Retype, word for word, every line of the records below starting at the one that contains "(t - c) \<le> t" and ending at the one that contains "c - 1)) \<le> c"; include both of those lines and nothing more.

*** DATA FOR THE TASK ***

text \<open>Double counting the pairs (C, w) with C containing B and w \<in> C outside the span of B;
  by the symmetry above every such w lies in the same number of codes.\<close>
lemma card_codes_containing_insert_eq:
  fixes B :: "('a::{finite,field}^'n) set"
  assumes B: "vec.independent B" and v: "v \<notin> vec.span B"
  shows "card (codes_containing k (insert v B)) * (CARD('a) ^ CARD('n) - CARD('a) ^ card B)
       = card (codes_containing k B) * (CARD('a) ^ k - CARD('a) ^ card B)"
proof -
  define U where "U = vec.span B"
  define A where "A = codes_containing k B"
  have in_A_iff: "{C \<in> A. w \<in> C} = codes_containing k (insert w B)" for w
    by (auto simp: A_def codes_containing_def)
  have "card (-U) * card (codes_containing k (insert v B))
      = (\<Sum>w\<in>-U. card (codes_containing k (insert w B)))"
  proof -
    have "card (codes_containing k (insert w B)) = card (codes_containing k (insert v B))"
      if "w \<in> -U" for w
      using card_codes_containing_insert_le[OF B] v that by (simp add: U_def antisym)
    then show ?thesis by simp
  qed
  also have "\<dots> = (\<Sum>w\<in>-U. \<Sum>C\<in>A. if w \<in> C then 1 else 0)"
    by (simp add: in_A_iff[symmetric] sum.If_cases Int_def)
  also have "\<dots> = (\<Sum>C\<in>A. card (C - U))"
    by (subst sum.swap) (simp add: sum.If_cases Int_def set_diff_eq conj_commute)
  also have "\<dots> = (\<Sum>C\<in>A. CARD('a) ^ k - CARD('a) ^ card B)"
  proof (rule sum.cong)
    fix C assume "C \<in> A"
    then have C: "vec.subspace C" "vec.dim C = k" "B \<subseteq> C"
      by (auto simp: A_def codes_containing_def linear_codes_def)
    then have "U \<subseteq> C" unfolding U_def using vec.span_minimal by blast
    then show "card (C - U) = CARD('a) ^ k - CARD('a) ^ card B"
      using card_subspace[OF C(1)] card_span_independent[OF B] C(2)
      by (simp add: card_Diff_subset U_def)
  qed simp
  also have "card (-U) = CARD('a) ^ CARD('n) - CARD('a) ^ card B"
    using card_span_independent[OF B] by (simp add: Compl_eq_Diff_UNIV card_Diff_subset U_def)
  finally show ?thesis by (simp add: A_def mult.commute)
qed

lemma card_codes_containing_insert:
  fixes B :: "('a::{finite,field}^'n) set"
  assumes B: "vec.independent B" and v: "v \<notin> vec.span B" and k: "k \<le> CARD('n)"
  shows "card (codes_containing k (insert v B)) * CARD('a) ^ (CARD('n) - k)
       \<le> card (codes_containing k B)"
proof -
  define q where "q = CARD('a)"
  define X where "X = card (codes_containing k (insert v B))"
  define Y where "Y = card (codes_containing k B)"
  have q: "q \<ge> 2" unfolding q_def by (rule card_field_ge_2)
  have eq: "X * (q ^ CARD('n) - q ^ card B) = Y * (q ^ k - q ^ card B)"
    unfolding X_def Y_def q_def by (rule card_codes_containing_insert_eq[OF B v])
  have "card (vec.span B) < card (UNIV :: ('a^'n) set)"
    using v by (intro psubset_card_mono) auto
  then have span_lt: "q ^ card B < q ^ CARD('n)"
    by (simp add: card_span_independent[OF B] q_def)
  show ?thesis
  proof (cases "card B < k")
    case False
    then have "X = 0" using eq span_lt q by simp
    then show ?thesis by (simp add: X_def)
  next
    case True
    define r where "r = q ^ (CARD('n) - k)"
    have "r * q ^ k = q ^ CARD('n)" using k by (simp add: r_def flip: power_add)
    moreover have "q ^ card B \<le> r * q ^ card B" using q by (simp add: r_def)
    ultimately have "X * r * (q ^ k - q ^ card B) \<le> X * (q ^ CARD('n) - q ^ card B)"
      by (simp add: diff_mult_distrib2 mult.assoc diff_le_mono2)
    also have "\<dots> = Y * (q ^ k - q ^ card B)" by (rule eq)
    finally have "X * r \<le> Y" using True q by (simp add: power_strict_increasing)
    then show ?thesis by (simp add: X_def Y_def r_def q_def)
  qed
qed

lemma card_codes_containing_independent:
  fixes B :: "('a::{finite,field}^'n) set"
  assumes B: "vec.independent B" and k: "k \<le> CARD('n)"
  shows "card (codes_containing k B) * CARD('a) ^ ((CARD('n) - k) * card B)
       \<le> card (linear_codes k :: ('a^'n) set set)"
proof -
  have "finite B" using B vec.finiteI_independent by blast
  from this B show ?thesis
  proof (induction B rule: finite_induct)
    case empty
    then show ?case by (simp add: codes_containing_def)
  next
    case (insert v B)
    have B: "vec.independent B" using insert.prems vec.independent_mono by blast
    have v: "v \<notin> vec.span B"
      using insert.prems insert.hyps(2) vec.independent_insert[of v B] by simp
    have "card (codes_containing k (insert v B)) * CARD('a) ^ ((CARD('n) - k) * card (insert v B))
        = card (codes_containing k (insert v B)) * CARD('a) ^ (CARD('n) - k)
          * CARD('a) ^ ((CARD('n) - k) * card B)"
      using insert.hyps by (simp add: power_add mult.assoc)
    also have "\<dots> \<le> card (codes_containing k B) * CARD('a) ^ ((CARD('n) - k) * card B)"
      using card_codes_containing_insert[OF B v k] by simp
    also have "\<dots> \<le> card (linear_codes k :: ('a^'n) set set)" by (rule insert.IH[OF B])
    finally show ?case .
  qed
qed

section \<open>Elementary inequalities\<close>

lemma power_ge_tangent:
  fixes c t :: real
  assumes c: "c > 0" and t: "t \<ge> 0"
  shows "c ^ j + real j * c ^ (j - 1) * (t - c) \<le> t ^ j"
proof (cases j)
  case (Suc i)
  have "1 + real j * (t / c - 1) \<le> (t / c) ^ j"
    using Bernoulli_inequality[of "t / c - 1" j] c t by simp
  then have "c ^ j * (1 + real j * (t / c - 1)) \<le> c ^ j * (t / c) ^ j"
    using c by (intro mult_left_mono) auto
  moreover have "c ^ j * (1 + real j * (t / c - 1)) = c ^ j + real j * c ^ (j - 1) * (t - c)"
    using c Suc by (simp add: field_simps)
  ultimately show ?thesis
    using c by (simp add: power_divide)
qed simp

*** End of DATA FOR THE TASK ***

◆ WRITTEN SOLUTION ◆
  shows "c ^ j + real j * c ^ (j - 1) * (t - c) \<le> t ^ j"
proof (cases j)
  case (Suc i)
  have "1 + real j * (t / c - 1) \<le> (t / c) ^ j"
    using Bernoulli_inequality[of "t / c - 1" j] c t by simp
  then have "c ^ j * (1 + real j * (t / c - 1)) \<le> c ^ j * (t / c) ^ j"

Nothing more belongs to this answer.